» Task statement
Every entry must be copied word for word.

» Given data
section \<open>The length equals the weight\<close>

lemma weight_eq_0_imp_one:
  assumes g: "Geen_data e n \<sigma> a" and n: "0 < n" and w: "weight n \<sigma> a = 0"
  shows "monom_mat n \<sigma> a = 1\<^sub>m n"
proof -
  have s: "\<forall>i<n. \<sigma> i < n" and p: "(\<Prod>i<n. a i) = 1" using g unfolding Geen_data_def by auto
  have id: "\<forall>i<n. \<sigma> i = i" and a: "\<forall>i. 0 < i \<longrightarrow> i < n \<longrightarrow> a i = 1"
    using w weight_eq_0_iff[OF s] by auto
  have "(\<Prod>i<n. a i) = a 0 * (\<Prod>i\<in>{Suc 0..<n}. a i)"
    using n by (simp add: prod.atLeast_Suc_lessThan flip: atLeast0LessThan)
  also have "(\<Prod>i\<in>{Suc 0..<n}. a i) = 1" using a by (intro prod.neutral) auto
  finally have "a 0 = 1" using p by simp
  hence "a i = 1" if "i < n" for i using a that by (cases i) auto
  thus ?thesis unfolding one_eq_monom_mat using id by (intro monom_mat_cong) simp
qed

lemma weight_mult_swap_le:
  assumes g: "Geen_data e n \<sigma> a" and c: "Suc c < n" and b: "\<And>r. b r \<noteq> 1 \<Longrightarrow> c = 0 \<and> r \<le> 1"
  shows "weight n (adj_swap c \<circ> \<sigma>) (\<lambda>i. a i * b (\<sigma> i)) \<le> weight n \<sigma> a + 1"
proof -
  have inj: "inj_on \<sigma> {..<n}" using g unfolding Geen_data_def by simp
  obtain u where u: "u < n" "\<sigma> u = c" using Geen_data_preimage[OF g Suc_lessD[OF c]] .
  obtain v where v: "v < n" "\<sigma> v = Suc c" using Geen_data_preimage[OF g c] .
  note uv = u v
  have "u \<noteq> v" using uv by auto
  then consider "u < v" | "v < u" by linarith
  thus ?thesis
  proof cases
    case 1
    show ?thesis using weight_mult_swap_ascent[where a=a and b=b, OF inj uv(1,3,2,4) b 1]
      by (simp split: if_split_asm)
  next
    case 2
    show ?thesis using weight_mult_swap_descent[where a=a and b=b, OF inj uv(1,3,2,4) b 2]
      by (simp split: if_split_asm)
  qed
qed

» Reply to the task
section \<open>The length equals the weight\<close>

lemma weight_eq_0_imp_one:
  assumes g: "Geen_data e n \<sigma> a" and n: "0 < n" and w: "weight n \<sigma> a = 0"
  shows "monom_mat n \<sigma> a = 1\<^sub>m n"
proof -
  have s: "\<forall>i<n. \<sigma> i < n" and p: "(\<Prod>i<n. a i) = 1" using g unfolding Geen_data_def by auto
  have id: "\<forall>i<n. \<sigma> i = i" and a: "\<forall>i. 0 < i \<longrightarrow> i < n \<longrightarrow> a i = 1"
    using w weight_eq_0_iff[OF s] by auto
  have "(\<Prod>i<n. a i) = a 0 * (\<Prod>i\<in>{Suc 0..<n}. a i)"
    using n by (simp add: prod.atLeast_Suc_lessThan flip: atLeast0LessThan)
  also have "(\<Prod>i\<in>{Suc 0..<n}. a i) = 1" using a by (intro prod.neutral) auto
  finally have "a 0 = 1" using p by simp
  hence "a i = 1" if "i < n" for i using a that by (cases i) auto
  thus ?thesis unfolding one_eq_monom_mat using id by (intro monom_mat_cong) simp
qed

lemma weight_mult_swap_le:
  assumes g: "Geen_data e n \<sigma> a" and c: "Suc c < n" and b: "\<And>r. b r \<noteq> 1 \<Longrightarrow> c = 0 \<and> r \<le> 1"
  shows "weight n (adj_swap c \<circ> \<sigma>) (\<lambda>i. a i * b (\<sigma> i)) \<le> weight n \<sigma> a + 1"
proof -
  have inj: "inj_on \<sigma> {..<n}" using g unfolding Geen_data_def by simp
  obtain u where u: "u < n" "\<sigma> u = c" using Geen_data_preimage[OF g Suc_lessD[OF c]] .
  obtain v where v: "v < n" "\<sigma> v = Suc c" using Geen_data_preimage[OF g c] .
  note uv = u v
  have "u \<noteq> v" using uv by auto
  then consider "u < v" | "v < u" by linarith
  thus ?thesis
  proof cases
    case 1
    show ?thesis using weight_mult_swap_ascent[where a=a and b=b, OF inj uv(1,3,2,4) b 1]
      by (simp split: if_split_asm)
  next
    case 2
    show ?thesis using weight_mult_swap_descent[where a=a and b=b, OF inj uv(1,3,2,4) b 2]
      by (simp split: if_split_asm)
  qed
qed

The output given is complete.